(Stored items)
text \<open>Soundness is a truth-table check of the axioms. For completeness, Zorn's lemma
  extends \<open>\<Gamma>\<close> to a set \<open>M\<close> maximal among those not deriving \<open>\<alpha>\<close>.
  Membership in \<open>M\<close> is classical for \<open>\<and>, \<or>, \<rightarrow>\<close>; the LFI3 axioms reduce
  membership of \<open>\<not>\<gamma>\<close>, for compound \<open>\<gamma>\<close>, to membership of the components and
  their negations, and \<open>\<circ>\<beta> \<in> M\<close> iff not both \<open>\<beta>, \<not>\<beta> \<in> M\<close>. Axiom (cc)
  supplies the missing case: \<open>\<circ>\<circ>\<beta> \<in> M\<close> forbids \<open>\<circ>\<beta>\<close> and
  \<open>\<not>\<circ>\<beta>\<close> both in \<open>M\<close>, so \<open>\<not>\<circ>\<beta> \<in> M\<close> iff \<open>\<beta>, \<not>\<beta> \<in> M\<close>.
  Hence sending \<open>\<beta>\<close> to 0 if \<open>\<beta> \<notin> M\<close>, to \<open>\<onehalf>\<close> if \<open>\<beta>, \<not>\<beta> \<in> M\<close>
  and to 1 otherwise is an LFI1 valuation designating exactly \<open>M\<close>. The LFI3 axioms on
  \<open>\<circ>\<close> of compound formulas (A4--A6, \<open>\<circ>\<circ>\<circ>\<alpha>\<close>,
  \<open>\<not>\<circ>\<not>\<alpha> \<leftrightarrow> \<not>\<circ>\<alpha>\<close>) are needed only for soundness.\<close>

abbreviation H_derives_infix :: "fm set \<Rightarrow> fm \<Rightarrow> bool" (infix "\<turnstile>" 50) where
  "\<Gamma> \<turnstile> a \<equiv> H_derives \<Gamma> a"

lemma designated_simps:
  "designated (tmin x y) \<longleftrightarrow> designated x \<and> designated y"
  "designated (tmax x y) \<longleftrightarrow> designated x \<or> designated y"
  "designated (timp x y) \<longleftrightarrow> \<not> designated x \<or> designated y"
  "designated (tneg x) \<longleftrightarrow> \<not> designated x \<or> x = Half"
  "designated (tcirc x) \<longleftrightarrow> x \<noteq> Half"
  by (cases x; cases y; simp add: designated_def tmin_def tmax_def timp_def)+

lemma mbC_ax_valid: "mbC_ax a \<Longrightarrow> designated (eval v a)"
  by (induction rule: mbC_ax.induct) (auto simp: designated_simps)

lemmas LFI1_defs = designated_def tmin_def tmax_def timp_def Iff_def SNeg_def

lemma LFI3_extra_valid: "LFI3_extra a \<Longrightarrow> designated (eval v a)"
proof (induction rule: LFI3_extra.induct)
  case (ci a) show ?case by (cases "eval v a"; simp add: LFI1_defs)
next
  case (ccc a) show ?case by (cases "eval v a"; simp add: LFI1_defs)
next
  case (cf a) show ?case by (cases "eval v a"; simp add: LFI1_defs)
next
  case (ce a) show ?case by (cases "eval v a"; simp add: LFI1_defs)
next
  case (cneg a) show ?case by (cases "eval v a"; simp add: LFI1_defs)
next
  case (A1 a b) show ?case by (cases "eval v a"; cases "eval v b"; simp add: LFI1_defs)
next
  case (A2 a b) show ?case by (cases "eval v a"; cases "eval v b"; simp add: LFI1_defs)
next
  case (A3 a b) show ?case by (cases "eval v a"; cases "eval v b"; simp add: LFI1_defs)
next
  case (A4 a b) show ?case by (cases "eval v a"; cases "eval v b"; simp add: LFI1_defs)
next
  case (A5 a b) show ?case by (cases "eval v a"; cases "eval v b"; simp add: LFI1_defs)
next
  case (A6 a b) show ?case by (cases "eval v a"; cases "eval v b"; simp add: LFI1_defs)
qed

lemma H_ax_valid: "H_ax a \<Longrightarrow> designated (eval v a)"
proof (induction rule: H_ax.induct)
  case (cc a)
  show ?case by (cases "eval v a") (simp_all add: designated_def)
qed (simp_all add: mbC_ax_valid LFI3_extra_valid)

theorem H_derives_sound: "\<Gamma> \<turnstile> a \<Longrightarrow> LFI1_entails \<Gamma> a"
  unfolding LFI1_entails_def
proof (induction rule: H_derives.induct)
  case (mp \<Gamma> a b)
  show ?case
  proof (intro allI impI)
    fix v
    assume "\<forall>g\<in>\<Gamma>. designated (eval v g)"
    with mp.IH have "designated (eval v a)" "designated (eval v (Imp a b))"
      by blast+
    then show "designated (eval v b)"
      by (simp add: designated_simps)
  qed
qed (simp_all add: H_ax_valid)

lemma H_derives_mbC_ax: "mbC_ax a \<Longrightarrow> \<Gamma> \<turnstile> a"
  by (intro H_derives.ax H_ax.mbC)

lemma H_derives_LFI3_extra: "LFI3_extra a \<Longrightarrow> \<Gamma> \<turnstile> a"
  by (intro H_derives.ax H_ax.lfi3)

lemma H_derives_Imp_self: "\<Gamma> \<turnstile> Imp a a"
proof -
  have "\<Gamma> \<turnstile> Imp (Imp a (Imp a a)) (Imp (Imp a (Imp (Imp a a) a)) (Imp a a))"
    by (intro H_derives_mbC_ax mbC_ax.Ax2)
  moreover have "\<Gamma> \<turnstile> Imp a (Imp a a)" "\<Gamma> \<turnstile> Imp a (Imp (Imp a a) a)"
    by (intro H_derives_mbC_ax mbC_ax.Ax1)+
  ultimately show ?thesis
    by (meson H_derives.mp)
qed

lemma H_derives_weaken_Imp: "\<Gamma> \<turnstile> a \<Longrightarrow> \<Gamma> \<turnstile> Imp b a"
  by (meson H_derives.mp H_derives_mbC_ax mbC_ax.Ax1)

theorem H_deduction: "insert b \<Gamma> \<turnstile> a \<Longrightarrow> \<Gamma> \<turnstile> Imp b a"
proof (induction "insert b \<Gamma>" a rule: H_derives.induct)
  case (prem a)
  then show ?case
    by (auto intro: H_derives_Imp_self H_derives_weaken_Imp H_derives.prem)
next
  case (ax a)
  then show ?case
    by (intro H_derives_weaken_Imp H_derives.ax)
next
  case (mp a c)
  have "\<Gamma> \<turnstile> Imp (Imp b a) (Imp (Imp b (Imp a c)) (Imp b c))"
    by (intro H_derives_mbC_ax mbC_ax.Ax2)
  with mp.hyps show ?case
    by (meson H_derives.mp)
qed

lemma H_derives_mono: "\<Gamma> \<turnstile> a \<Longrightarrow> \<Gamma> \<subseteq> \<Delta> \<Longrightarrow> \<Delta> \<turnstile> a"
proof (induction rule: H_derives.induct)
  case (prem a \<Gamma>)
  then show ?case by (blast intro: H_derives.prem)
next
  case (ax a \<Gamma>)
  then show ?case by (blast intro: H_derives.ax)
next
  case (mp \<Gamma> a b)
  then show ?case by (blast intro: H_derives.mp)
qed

...

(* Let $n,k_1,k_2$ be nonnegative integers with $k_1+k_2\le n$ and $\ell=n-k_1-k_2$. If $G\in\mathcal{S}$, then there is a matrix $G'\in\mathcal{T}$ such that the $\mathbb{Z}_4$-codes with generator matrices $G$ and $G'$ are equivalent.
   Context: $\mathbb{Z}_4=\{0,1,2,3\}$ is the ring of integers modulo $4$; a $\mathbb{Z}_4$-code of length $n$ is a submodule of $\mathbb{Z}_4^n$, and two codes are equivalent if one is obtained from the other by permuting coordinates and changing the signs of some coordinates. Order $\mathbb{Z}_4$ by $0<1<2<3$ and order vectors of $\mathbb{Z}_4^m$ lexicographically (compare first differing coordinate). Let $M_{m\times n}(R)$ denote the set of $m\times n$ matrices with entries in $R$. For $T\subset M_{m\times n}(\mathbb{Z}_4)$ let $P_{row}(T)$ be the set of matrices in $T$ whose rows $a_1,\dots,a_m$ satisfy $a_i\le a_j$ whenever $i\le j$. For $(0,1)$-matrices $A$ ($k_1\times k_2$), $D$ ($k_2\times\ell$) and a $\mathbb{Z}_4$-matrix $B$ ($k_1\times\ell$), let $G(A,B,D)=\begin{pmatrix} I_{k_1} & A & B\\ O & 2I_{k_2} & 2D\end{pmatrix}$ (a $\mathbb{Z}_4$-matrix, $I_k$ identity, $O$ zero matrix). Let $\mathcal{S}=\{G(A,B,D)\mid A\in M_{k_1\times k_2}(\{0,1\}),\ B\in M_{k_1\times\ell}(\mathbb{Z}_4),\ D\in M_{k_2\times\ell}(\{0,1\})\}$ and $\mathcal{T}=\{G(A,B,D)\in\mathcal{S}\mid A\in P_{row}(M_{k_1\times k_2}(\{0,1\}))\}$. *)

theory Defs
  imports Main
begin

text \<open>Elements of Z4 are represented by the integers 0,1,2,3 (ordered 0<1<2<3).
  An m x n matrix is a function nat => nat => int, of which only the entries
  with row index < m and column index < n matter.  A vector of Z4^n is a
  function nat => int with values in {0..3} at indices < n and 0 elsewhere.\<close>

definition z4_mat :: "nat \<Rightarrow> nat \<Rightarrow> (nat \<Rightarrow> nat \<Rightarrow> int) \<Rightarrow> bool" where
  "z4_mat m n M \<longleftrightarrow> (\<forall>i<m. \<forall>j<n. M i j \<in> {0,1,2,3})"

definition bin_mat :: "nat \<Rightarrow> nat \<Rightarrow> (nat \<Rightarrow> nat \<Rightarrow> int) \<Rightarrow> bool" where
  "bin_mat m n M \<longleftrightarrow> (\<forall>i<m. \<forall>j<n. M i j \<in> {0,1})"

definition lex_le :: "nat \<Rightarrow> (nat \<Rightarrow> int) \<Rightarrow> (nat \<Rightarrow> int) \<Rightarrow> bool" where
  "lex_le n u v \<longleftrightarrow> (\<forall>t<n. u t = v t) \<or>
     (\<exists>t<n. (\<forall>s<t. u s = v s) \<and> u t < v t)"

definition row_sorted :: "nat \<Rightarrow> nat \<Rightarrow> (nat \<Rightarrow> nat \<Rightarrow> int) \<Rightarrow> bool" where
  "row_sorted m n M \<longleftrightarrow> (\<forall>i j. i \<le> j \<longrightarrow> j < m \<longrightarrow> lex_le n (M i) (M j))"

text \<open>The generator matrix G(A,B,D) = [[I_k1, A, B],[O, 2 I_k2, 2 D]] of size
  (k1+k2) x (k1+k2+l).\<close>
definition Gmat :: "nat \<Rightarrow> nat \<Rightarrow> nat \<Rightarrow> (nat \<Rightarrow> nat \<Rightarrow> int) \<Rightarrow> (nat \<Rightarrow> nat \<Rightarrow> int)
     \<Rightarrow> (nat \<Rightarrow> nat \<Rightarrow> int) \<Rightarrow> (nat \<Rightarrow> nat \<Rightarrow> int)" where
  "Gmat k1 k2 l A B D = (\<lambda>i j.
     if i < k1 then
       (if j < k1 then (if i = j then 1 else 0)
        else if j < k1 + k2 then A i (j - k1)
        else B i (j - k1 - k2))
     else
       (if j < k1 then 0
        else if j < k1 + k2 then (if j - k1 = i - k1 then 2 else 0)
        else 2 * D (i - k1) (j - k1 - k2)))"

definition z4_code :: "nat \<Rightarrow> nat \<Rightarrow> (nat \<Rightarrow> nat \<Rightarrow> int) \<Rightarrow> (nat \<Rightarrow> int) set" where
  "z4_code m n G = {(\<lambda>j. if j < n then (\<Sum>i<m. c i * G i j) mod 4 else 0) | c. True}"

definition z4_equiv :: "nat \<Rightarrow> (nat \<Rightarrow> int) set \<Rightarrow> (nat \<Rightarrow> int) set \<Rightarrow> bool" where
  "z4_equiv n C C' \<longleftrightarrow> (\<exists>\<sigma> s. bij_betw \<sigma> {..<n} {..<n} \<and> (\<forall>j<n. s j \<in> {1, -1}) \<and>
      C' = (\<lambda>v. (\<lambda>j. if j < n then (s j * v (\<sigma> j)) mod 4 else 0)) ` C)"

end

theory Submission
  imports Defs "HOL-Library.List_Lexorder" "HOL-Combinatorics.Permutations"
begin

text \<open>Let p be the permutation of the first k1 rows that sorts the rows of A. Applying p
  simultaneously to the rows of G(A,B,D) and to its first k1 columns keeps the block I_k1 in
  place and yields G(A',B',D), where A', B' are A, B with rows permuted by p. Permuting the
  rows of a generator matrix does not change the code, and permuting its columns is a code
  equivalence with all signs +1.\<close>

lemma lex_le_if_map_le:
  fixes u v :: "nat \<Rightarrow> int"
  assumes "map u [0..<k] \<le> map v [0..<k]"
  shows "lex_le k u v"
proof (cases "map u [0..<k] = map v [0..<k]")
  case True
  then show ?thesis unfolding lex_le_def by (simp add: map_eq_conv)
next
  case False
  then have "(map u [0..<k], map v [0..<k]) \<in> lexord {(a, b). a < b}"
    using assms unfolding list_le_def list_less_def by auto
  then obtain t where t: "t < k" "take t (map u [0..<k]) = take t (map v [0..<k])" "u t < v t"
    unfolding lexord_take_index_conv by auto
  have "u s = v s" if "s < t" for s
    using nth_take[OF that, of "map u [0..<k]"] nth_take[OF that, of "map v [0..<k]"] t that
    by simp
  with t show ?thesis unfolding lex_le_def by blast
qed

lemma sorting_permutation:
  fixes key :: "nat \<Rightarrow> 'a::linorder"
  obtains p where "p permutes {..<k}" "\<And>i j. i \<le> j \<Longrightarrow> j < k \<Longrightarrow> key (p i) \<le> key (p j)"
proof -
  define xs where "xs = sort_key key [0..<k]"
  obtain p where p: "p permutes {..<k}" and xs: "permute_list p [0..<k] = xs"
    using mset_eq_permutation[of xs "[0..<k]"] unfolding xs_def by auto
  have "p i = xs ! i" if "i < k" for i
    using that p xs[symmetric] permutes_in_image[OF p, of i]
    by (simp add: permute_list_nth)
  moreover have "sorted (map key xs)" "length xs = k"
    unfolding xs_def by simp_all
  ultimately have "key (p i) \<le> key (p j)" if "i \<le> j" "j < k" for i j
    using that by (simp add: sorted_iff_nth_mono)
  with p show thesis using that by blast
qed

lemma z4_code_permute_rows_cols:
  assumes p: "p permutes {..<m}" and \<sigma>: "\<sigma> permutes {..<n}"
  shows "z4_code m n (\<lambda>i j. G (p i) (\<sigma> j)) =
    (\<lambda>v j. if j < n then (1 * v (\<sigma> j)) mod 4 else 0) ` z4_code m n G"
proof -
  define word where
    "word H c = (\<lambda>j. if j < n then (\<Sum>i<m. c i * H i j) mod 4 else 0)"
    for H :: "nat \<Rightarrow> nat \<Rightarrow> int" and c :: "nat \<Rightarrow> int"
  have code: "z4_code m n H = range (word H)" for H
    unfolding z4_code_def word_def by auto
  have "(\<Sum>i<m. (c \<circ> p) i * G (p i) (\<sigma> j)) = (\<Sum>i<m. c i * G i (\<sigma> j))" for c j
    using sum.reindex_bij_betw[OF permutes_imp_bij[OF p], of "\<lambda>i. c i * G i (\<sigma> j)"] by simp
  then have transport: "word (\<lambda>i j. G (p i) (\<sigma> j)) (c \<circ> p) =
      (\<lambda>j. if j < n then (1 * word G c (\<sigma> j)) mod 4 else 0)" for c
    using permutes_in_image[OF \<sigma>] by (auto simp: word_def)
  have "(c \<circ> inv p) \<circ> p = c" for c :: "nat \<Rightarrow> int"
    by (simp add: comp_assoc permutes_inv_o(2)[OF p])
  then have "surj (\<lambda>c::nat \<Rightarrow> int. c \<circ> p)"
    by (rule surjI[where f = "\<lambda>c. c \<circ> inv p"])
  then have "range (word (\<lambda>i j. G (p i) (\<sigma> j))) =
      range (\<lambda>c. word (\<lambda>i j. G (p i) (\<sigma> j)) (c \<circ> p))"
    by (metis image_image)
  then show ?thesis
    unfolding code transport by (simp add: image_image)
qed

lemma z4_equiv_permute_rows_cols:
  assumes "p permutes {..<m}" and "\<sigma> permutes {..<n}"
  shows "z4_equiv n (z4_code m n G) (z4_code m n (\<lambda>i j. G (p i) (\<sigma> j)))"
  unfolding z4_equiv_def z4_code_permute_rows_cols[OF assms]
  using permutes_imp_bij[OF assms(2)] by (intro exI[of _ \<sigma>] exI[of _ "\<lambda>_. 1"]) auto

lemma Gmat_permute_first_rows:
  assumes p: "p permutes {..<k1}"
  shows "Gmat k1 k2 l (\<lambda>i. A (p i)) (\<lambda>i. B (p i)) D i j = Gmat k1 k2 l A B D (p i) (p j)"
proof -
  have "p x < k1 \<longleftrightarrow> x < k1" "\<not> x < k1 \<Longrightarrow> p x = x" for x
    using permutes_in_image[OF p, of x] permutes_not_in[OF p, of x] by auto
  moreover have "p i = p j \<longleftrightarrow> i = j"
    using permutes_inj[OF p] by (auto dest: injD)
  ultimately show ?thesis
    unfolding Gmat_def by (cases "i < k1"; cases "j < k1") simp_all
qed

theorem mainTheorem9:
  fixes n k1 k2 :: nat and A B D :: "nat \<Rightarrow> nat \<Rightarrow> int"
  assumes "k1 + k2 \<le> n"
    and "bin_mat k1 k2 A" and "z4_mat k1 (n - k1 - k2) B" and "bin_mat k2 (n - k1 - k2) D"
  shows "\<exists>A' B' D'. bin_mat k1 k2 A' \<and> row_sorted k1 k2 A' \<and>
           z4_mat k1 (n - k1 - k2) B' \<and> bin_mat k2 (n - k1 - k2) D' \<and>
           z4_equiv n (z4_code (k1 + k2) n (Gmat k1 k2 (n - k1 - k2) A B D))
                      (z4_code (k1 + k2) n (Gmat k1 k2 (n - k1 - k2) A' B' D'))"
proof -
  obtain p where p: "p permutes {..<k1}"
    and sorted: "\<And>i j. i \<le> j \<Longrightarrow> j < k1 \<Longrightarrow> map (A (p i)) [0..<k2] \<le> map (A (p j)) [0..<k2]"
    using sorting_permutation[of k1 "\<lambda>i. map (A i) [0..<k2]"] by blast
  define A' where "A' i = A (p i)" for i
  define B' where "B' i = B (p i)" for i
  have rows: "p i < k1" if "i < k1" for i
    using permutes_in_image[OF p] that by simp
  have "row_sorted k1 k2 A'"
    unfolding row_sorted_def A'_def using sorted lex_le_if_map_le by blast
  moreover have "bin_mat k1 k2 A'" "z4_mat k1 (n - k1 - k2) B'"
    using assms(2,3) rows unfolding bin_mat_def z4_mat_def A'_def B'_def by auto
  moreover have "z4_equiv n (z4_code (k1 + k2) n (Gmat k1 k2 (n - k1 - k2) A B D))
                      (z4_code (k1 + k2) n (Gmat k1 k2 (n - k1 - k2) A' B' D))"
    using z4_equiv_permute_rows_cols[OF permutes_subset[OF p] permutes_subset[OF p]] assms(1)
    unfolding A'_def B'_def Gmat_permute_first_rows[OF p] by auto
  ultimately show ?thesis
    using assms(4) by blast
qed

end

...

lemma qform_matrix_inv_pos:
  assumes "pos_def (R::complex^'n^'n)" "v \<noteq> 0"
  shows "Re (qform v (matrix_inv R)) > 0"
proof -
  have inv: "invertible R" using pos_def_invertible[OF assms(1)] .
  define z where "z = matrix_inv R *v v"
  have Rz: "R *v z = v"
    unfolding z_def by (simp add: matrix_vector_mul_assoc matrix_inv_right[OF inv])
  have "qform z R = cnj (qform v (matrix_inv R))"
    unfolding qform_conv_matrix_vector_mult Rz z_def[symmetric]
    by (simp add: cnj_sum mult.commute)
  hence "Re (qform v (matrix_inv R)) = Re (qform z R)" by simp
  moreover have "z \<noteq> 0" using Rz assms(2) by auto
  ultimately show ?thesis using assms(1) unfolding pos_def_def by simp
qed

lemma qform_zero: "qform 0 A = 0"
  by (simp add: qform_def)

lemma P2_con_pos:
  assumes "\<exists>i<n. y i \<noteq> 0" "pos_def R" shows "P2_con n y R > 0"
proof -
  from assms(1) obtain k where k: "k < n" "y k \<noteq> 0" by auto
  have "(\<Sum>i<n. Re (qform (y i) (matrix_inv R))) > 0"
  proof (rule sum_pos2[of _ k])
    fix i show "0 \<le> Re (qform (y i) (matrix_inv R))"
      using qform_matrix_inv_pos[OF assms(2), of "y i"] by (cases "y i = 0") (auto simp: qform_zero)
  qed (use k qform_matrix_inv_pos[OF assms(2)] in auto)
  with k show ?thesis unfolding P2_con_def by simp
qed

## WHAT THIS TASK INVOLVES
Above are the records. Print exactly, and only, the lines from the line with "text \<open>Soundness is" to the line with "their negations, and", both inclusive.

## FINISHED TASK
text \<open>Soundness is a truth-table check of the axioms. For completeness, Zorn's lemma
  extends \<open>\<Gamma>\<close> to a set \<open>M\<close> maximal among those not deriving \<open>\<alpha>\<close>.
  Membership in \<open>M\<close> is classical for \<open>\<and>, \<or>, \<rightarrow>\<close>; the LFI3 axioms reduce
  membership of \<open>\<not>\<gamma>\<close>, for compound \<open>\<gamma>\<close>, to membership of the components and
  their negations, and \<open>\<circ>\<beta> \<in> M\<close> iff not both \<open>\<beta>, \<not>\<beta> \<in> M\<close>. Axiom (cc)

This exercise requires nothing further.